(Saved entries)
• • •

text \<open>Put D k l = \<lambda> k + \<mu> l - W k l with W the gradient at X. On the support of X the
KKT conditions give D k l = \<sigma> p (X k l + \<epsilon>) powr (p - 1). By Hall's theorem the support of
the doubly stochastic X contains a permutation \<pi> through the entry (i, j). Summing D along \<pi>
and weighting D by X produce the same multiplier terms, so the sum of D along \<pi> equals the
X-weighted sum of D plus \<langle>W, X - P\<rangle>, P the permutation matrix of \<pi>. As X \<le> 1, the sum
along \<pi> is at least \<sigma> p ((X i j + \<epsilon>) powr (p - 1) + (n - 1) (1 + \<epsilon>) powr (p - 1)); by
concavity of t powr p the weighted sum is at most \<sigma> p m powr (1 - p) (n + m \<epsilon>) powr p, where
m is the number of nonzero entries of X; and by Cauchy-Schwarz the inner product is at most
\<surd>(2n) (L \<surd>n + \<parallel>\<nabla>f 0\<parallel>). Inverting the decreasing map t \<mapsto> t powr (p - 1) yields the bound.\<close>

lemma hall_condition_remove_element:
  fixes S :: "'a \<Rightarrow> 'b set"
  assumes fin: "finite I" "\<And>i. i \<in> I \<Longrightarrow> finite (S i)"
    and surplus: "\<And>J. J \<subseteq> I \<Longrightarrow> J \<noteq> {} \<Longrightarrow> J \<noteq> I \<Longrightarrow> card J < card (\<Union>(S ` J))"
    and J: "J \<subseteq> I - {i0}" "i0 \<in> I"
  shows "card J \<le> card (\<Union>k\<in>J. S k - {x})"
proof (cases "J = {}")
  case False
  have "J \<subseteq> I" "J \<noteq> I" using J by auto
  then have "card J < card (\<Union>(S ` J))" using surplus False by blast
  moreover have fin_J: "finite (\<Union>k\<in>J. S k - {x})"
    using fin \<open>J \<subseteq> I\<close> finite_subset by blast
  have "card (\<Union>(S ` J)) \<le> card (insert x (\<Union>k\<in>J. S k - {x}))"
    using fin_J by (intro card_mono) auto
  also have "\<dots> \<le> card (\<Union>k\<in>J. S k - {x}) + 1"
    using card_insert_if[OF fin_J, of x] by simp
  ultimately show ?thesis by linarith
qed simp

• • •

-- PROBLEM --
Exactly as given, repeat every record above.

-- SOLVED PROBLEM --
text \<open>Put D k l = \<lambda> k + \<mu> l - W k l with W the gradient at X. On the support of X the
KKT conditions give D k l = \<sigma> p (X k l + \<epsilon>) powr (p - 1). By Hall's theorem the support of
the doubly stochastic X contains a permutation \<pi> through the entry (i, j). Summing D along \<pi>
and weighting D by X produce the same multiplier terms, so the sum of D along \<pi> equals the
X-weighted sum of D plus \<langle>W, X - P\<rangle>, P the permutation matrix of \<pi>. As X \<le> 1, the sum
along \<pi> is at least \<sigma> p ((X i j + \<epsilon>) powr (p - 1) + (n - 1) (1 + \<epsilon>) powr (p - 1)); by
concavity of t powr p the weighted sum is at most \<sigma> p m powr (1 - p) (n + m \<epsilon>) powr p, where
m is the number of nonzero entries of X; and by Cauchy-Schwarz the inner product is at most
\<surd>(2n) (L \<surd>n + \<parallel>\<nabla>f 0\<parallel>). Inverting the decreasing map t \<mapsto> t powr (p - 1) yields the bound.\<close>

lemma hall_condition_remove_element:
  fixes S :: "'a \<Rightarrow> 'b set"
  assumes fin: "finite I" "\<And>i. i \<in> I \<Longrightarrow> finite (S i)"
    and surplus: "\<And>J. J \<subseteq> I \<Longrightarrow> J \<noteq> {} \<Longrightarrow> J \<noteq> I \<Longrightarrow> card J < card (\<Union>(S ` J))"
    and J: "J \<subseteq> I - {i0}" "i0 \<in> I"
  shows "card J \<le> card (\<Union>k\<in>J. S k - {x})"
proof (cases "J = {}")
  case False
  have "J \<subseteq> I" "J \<noteq> I" using J by auto
  then have "card J < card (\<Union>(S ` J))" using surplus False by blast
  moreover have fin_J: "finite (\<Union>k\<in>J. S k - {x})"
    using fin \<open>J \<subseteq> I\<close> finite_subset by blast
  have "card (\<Union>(S ` J)) \<le> card (insert x (\<Union>k\<in>J. S k - {x}))"
    using fin_J by (intro card_mono) auto
  also have "\<dots> \<le> card (\<Union>k\<in>J. S k - {x}) + 1"
    using card_insert_if[OF fin_J, of x] by simp
  ultimately show ?thesis by linarith
qed simp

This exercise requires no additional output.